TASK ITEM:
Locate, in the data below, the line that contains "text \<open>Orientation induced" and the line that contains "set \<Rightarrow> 'a"; reproduce exactly those two lines and every line between them, nothing more.

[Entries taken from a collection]
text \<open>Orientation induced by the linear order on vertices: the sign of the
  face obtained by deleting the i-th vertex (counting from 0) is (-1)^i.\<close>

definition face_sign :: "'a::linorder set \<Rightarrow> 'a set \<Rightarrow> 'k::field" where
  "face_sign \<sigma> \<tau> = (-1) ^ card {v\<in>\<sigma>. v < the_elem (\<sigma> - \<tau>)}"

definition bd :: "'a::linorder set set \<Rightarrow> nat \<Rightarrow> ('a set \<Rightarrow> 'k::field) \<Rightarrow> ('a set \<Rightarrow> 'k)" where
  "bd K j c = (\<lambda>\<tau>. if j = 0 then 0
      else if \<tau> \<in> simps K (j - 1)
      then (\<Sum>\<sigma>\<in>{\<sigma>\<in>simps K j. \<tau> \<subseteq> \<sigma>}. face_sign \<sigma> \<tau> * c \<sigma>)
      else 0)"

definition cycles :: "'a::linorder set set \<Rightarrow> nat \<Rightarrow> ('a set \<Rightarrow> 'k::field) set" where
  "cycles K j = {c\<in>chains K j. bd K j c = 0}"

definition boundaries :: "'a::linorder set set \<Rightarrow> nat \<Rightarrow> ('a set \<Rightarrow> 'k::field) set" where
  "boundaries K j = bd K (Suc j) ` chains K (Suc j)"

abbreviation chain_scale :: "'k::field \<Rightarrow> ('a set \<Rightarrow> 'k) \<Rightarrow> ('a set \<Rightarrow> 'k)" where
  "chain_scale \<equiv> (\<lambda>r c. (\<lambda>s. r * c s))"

---

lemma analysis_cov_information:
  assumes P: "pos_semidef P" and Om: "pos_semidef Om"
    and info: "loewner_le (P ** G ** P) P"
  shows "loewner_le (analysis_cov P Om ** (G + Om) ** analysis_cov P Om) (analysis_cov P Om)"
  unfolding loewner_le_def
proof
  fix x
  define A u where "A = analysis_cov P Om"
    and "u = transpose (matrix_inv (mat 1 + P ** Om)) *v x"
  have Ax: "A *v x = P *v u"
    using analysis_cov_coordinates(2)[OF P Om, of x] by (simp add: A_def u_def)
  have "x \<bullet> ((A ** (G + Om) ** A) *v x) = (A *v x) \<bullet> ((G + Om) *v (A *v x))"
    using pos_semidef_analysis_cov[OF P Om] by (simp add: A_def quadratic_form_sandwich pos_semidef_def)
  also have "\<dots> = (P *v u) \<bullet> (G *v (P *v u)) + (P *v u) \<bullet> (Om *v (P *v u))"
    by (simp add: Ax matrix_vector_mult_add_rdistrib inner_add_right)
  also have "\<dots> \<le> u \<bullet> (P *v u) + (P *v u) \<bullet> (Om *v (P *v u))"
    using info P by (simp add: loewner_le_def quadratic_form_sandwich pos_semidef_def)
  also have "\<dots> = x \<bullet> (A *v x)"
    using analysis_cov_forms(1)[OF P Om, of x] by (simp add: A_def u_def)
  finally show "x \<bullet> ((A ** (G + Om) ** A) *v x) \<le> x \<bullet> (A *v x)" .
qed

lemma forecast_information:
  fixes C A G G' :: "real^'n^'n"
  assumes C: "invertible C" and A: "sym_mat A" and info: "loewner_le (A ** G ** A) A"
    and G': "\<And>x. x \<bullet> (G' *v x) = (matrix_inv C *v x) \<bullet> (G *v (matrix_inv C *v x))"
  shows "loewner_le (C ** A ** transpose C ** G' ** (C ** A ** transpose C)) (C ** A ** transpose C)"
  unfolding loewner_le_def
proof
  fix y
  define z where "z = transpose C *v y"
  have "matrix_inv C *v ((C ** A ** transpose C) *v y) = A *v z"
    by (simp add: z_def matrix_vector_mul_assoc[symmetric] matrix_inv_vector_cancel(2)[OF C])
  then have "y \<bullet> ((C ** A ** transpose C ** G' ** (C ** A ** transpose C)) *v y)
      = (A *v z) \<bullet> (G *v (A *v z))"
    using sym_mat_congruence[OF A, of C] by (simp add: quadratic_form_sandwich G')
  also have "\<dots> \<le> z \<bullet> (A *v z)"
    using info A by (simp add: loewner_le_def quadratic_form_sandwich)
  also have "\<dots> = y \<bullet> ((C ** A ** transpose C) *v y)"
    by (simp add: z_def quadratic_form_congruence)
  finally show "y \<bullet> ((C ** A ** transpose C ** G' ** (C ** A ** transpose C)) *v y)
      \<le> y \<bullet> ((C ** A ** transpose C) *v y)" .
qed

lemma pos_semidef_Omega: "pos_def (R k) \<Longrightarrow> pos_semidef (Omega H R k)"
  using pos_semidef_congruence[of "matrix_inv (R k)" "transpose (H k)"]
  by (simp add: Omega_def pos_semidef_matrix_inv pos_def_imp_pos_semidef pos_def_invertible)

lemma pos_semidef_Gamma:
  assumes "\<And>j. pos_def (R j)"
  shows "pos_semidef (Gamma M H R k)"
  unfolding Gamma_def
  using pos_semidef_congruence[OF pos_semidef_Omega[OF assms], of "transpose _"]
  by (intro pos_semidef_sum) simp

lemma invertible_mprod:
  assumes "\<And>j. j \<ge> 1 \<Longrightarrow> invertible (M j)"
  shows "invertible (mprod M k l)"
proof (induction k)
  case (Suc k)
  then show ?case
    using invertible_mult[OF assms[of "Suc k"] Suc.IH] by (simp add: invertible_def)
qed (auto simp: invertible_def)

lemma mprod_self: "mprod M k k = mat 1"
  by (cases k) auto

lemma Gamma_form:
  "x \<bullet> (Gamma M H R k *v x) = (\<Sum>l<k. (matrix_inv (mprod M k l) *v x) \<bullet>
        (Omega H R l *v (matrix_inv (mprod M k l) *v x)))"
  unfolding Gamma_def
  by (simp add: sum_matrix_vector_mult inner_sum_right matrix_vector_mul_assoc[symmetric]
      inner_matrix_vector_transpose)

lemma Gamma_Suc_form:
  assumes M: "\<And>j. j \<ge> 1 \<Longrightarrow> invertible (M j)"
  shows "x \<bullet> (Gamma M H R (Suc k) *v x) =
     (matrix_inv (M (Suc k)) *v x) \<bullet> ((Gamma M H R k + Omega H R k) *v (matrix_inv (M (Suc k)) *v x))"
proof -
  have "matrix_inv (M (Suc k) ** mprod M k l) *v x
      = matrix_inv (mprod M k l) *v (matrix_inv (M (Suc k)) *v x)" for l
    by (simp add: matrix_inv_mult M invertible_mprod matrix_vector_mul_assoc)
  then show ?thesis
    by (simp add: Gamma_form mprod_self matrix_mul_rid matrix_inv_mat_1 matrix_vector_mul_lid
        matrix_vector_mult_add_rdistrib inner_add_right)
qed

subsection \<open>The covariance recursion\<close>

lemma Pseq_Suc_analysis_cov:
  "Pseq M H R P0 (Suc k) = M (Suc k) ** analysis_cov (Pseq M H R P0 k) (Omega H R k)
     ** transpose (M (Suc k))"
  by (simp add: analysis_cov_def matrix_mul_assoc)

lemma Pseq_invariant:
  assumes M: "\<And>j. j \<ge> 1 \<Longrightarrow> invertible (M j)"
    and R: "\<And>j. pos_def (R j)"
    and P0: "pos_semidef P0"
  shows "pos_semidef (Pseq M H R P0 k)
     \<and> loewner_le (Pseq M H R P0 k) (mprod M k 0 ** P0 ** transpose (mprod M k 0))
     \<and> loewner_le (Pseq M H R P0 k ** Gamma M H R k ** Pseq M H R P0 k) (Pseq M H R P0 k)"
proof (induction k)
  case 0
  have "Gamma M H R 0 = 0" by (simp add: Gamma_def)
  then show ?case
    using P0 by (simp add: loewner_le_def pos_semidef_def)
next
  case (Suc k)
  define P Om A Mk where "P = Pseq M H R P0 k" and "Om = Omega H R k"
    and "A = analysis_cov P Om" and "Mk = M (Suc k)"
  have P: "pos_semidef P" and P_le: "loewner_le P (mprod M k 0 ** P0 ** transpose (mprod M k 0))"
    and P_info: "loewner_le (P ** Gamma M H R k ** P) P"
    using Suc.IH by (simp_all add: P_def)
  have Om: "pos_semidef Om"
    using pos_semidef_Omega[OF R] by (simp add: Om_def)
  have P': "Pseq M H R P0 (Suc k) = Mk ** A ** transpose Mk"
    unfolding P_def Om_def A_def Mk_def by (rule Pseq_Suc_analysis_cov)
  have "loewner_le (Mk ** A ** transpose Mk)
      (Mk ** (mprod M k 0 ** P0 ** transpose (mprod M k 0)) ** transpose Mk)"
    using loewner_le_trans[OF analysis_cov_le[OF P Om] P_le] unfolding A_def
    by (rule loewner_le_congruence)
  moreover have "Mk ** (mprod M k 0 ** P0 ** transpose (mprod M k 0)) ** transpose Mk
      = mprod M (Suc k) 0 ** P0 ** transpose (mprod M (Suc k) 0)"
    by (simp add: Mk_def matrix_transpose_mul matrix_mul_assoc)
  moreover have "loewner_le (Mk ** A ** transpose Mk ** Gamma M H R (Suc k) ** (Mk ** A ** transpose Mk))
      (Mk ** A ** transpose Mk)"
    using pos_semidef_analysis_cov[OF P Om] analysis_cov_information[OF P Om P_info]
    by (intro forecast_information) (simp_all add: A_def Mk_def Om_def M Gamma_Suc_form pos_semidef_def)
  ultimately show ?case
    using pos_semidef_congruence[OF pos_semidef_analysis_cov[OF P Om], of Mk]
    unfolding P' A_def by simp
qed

...

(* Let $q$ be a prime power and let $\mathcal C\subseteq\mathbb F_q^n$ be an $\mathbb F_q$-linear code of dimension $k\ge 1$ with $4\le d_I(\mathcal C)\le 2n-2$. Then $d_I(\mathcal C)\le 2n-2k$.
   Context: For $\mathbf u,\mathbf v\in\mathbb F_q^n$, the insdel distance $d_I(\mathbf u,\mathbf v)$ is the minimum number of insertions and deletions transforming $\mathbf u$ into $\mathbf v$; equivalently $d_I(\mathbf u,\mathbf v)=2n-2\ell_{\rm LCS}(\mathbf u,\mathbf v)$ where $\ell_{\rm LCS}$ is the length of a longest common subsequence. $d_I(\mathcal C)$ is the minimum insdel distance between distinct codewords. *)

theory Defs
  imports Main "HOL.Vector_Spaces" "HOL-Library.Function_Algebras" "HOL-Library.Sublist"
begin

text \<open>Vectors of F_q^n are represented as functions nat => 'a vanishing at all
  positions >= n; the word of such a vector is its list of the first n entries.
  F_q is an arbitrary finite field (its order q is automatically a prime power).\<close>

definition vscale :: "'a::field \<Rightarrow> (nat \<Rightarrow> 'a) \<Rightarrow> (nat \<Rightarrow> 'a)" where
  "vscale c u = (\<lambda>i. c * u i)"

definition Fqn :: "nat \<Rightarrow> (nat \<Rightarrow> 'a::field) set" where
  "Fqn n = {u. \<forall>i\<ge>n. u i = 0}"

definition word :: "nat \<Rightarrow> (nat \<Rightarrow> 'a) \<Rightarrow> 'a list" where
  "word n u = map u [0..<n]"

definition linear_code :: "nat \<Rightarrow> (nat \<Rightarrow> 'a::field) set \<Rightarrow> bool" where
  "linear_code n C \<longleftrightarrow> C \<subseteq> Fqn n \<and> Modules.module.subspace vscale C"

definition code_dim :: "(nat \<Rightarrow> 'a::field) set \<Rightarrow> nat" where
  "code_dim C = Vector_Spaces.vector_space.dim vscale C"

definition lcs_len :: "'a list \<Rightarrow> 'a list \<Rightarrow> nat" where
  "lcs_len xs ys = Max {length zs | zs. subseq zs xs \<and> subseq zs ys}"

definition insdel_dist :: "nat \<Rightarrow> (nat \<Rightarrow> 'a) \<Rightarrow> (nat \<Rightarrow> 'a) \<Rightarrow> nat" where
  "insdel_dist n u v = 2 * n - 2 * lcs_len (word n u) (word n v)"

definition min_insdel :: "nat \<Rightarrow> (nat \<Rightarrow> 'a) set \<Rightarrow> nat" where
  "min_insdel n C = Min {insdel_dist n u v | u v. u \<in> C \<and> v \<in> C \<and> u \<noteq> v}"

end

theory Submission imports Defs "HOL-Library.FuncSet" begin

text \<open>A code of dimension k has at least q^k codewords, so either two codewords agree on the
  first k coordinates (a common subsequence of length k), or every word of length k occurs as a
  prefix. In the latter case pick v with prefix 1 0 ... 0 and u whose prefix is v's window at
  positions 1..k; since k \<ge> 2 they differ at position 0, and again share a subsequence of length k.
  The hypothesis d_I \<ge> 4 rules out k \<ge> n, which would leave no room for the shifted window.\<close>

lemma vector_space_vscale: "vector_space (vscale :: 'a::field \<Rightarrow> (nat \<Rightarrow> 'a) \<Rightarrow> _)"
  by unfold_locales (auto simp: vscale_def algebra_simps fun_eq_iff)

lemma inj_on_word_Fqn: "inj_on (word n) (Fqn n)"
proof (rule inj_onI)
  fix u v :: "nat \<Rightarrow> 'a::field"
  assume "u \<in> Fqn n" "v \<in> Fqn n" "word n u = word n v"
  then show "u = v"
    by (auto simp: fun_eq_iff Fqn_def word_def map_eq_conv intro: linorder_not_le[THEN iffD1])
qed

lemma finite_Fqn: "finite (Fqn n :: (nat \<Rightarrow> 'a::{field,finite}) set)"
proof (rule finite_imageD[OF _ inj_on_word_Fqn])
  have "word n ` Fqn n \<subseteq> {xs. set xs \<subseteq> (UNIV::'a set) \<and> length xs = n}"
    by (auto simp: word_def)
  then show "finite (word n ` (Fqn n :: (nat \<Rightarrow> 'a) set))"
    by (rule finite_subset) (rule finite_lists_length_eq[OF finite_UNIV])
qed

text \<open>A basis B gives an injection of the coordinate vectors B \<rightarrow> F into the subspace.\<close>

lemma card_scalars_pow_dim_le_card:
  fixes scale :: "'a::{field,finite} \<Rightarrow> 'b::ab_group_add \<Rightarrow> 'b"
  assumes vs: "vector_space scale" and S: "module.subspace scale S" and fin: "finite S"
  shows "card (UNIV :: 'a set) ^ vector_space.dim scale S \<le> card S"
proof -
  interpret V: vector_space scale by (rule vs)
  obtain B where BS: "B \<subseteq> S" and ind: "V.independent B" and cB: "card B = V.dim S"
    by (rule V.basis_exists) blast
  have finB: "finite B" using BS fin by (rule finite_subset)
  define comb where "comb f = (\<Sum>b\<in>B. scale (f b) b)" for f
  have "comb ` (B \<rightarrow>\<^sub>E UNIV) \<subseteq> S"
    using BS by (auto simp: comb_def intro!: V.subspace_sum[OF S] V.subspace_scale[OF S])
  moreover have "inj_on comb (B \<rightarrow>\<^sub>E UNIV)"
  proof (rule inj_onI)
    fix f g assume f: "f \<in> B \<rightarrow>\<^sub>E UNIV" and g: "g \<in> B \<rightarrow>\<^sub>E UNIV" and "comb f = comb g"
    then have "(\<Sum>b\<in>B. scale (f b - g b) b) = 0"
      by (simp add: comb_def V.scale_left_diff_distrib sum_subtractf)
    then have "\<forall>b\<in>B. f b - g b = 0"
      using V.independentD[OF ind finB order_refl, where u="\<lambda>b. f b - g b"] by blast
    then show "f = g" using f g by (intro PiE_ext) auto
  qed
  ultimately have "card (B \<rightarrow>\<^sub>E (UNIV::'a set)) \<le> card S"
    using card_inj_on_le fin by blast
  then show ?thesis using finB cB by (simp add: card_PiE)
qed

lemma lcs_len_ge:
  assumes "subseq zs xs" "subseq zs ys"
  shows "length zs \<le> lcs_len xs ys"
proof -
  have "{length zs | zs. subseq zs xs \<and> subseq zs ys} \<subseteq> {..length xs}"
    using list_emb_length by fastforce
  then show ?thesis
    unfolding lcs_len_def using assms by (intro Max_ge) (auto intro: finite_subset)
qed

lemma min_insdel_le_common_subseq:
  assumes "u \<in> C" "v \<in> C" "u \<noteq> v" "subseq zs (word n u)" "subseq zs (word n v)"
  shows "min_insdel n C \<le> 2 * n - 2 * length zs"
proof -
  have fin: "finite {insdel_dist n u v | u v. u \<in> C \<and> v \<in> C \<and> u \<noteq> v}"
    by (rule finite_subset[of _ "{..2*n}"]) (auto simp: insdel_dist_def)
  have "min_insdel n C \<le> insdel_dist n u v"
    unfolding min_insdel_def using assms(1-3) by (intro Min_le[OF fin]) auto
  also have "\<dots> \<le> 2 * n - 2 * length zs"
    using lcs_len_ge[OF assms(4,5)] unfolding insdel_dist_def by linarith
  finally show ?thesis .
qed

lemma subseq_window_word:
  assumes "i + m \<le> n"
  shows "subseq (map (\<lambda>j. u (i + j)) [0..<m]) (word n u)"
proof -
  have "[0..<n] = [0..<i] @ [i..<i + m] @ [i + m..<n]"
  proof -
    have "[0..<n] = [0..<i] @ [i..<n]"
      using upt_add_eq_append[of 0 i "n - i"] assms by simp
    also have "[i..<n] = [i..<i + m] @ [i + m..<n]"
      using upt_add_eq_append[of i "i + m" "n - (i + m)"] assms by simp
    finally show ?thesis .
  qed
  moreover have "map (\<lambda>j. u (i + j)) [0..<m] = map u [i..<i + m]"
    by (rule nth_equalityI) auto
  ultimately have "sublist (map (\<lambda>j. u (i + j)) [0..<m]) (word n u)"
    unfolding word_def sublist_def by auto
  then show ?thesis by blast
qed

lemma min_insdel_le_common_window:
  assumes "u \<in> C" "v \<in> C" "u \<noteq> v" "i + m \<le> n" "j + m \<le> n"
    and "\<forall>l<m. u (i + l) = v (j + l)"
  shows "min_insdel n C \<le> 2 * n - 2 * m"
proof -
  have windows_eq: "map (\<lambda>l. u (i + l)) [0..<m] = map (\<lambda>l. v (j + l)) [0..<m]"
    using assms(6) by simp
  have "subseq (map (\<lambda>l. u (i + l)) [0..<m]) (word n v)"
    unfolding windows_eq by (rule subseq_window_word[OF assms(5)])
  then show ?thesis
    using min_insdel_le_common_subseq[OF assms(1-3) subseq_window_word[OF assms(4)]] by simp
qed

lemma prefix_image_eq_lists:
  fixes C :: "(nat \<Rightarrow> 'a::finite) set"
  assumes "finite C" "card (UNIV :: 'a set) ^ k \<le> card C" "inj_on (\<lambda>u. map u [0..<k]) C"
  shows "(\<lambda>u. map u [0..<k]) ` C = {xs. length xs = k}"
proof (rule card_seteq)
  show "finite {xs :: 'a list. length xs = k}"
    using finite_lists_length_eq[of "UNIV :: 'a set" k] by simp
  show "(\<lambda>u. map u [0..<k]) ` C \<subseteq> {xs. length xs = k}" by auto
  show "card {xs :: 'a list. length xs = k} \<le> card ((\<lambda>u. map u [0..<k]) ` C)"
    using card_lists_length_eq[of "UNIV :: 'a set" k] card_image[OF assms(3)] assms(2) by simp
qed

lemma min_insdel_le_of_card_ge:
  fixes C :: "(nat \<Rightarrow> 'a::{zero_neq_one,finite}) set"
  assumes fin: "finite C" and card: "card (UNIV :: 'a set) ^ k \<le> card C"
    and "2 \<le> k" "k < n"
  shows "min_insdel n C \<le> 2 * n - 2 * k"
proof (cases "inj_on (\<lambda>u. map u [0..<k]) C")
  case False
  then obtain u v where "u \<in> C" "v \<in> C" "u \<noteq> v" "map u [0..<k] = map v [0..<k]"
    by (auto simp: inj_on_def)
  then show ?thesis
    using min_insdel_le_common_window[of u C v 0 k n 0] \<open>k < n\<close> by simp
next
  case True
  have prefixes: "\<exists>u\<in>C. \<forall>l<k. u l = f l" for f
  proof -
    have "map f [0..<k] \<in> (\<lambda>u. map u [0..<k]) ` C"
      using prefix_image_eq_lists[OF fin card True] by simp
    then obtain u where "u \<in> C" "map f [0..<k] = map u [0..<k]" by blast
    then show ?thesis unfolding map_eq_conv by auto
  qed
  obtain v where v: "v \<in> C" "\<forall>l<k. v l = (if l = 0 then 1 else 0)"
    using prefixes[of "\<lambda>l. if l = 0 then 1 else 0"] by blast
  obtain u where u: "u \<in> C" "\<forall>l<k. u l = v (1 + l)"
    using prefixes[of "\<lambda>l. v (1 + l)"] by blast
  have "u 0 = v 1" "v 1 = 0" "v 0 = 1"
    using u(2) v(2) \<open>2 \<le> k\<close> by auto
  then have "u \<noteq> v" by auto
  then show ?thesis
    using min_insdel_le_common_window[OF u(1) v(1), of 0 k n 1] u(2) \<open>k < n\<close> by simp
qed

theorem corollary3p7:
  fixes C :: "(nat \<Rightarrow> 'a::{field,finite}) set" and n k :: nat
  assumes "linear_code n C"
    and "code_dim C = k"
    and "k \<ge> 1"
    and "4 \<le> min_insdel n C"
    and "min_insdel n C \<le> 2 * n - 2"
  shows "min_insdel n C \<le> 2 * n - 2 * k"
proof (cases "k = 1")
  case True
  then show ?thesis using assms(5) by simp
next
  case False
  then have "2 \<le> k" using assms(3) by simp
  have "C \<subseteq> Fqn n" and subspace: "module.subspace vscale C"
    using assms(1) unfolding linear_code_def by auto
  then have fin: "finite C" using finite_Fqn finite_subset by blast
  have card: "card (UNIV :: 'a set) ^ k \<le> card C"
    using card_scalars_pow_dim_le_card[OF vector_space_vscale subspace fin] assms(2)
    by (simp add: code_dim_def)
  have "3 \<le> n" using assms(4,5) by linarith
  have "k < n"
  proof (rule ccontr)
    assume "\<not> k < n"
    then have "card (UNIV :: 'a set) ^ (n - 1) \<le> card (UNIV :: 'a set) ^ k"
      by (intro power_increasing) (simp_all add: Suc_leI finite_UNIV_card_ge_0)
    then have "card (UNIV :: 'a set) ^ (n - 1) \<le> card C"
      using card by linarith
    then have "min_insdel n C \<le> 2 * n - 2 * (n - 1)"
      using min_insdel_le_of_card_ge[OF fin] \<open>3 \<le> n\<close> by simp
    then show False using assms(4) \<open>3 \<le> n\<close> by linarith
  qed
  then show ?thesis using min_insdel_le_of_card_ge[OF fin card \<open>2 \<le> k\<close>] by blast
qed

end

COMPLETED TASK:
text \<open>Orientation induced by the linear order on vertices: the sign of the
  face obtained by deleting the i-th vertex (counting from 0) is (-1)^i.\<close>

definition face_sign :: "'a::linorder set \<Rightarrow> 'a set \<Rightarrow> 'k::field" where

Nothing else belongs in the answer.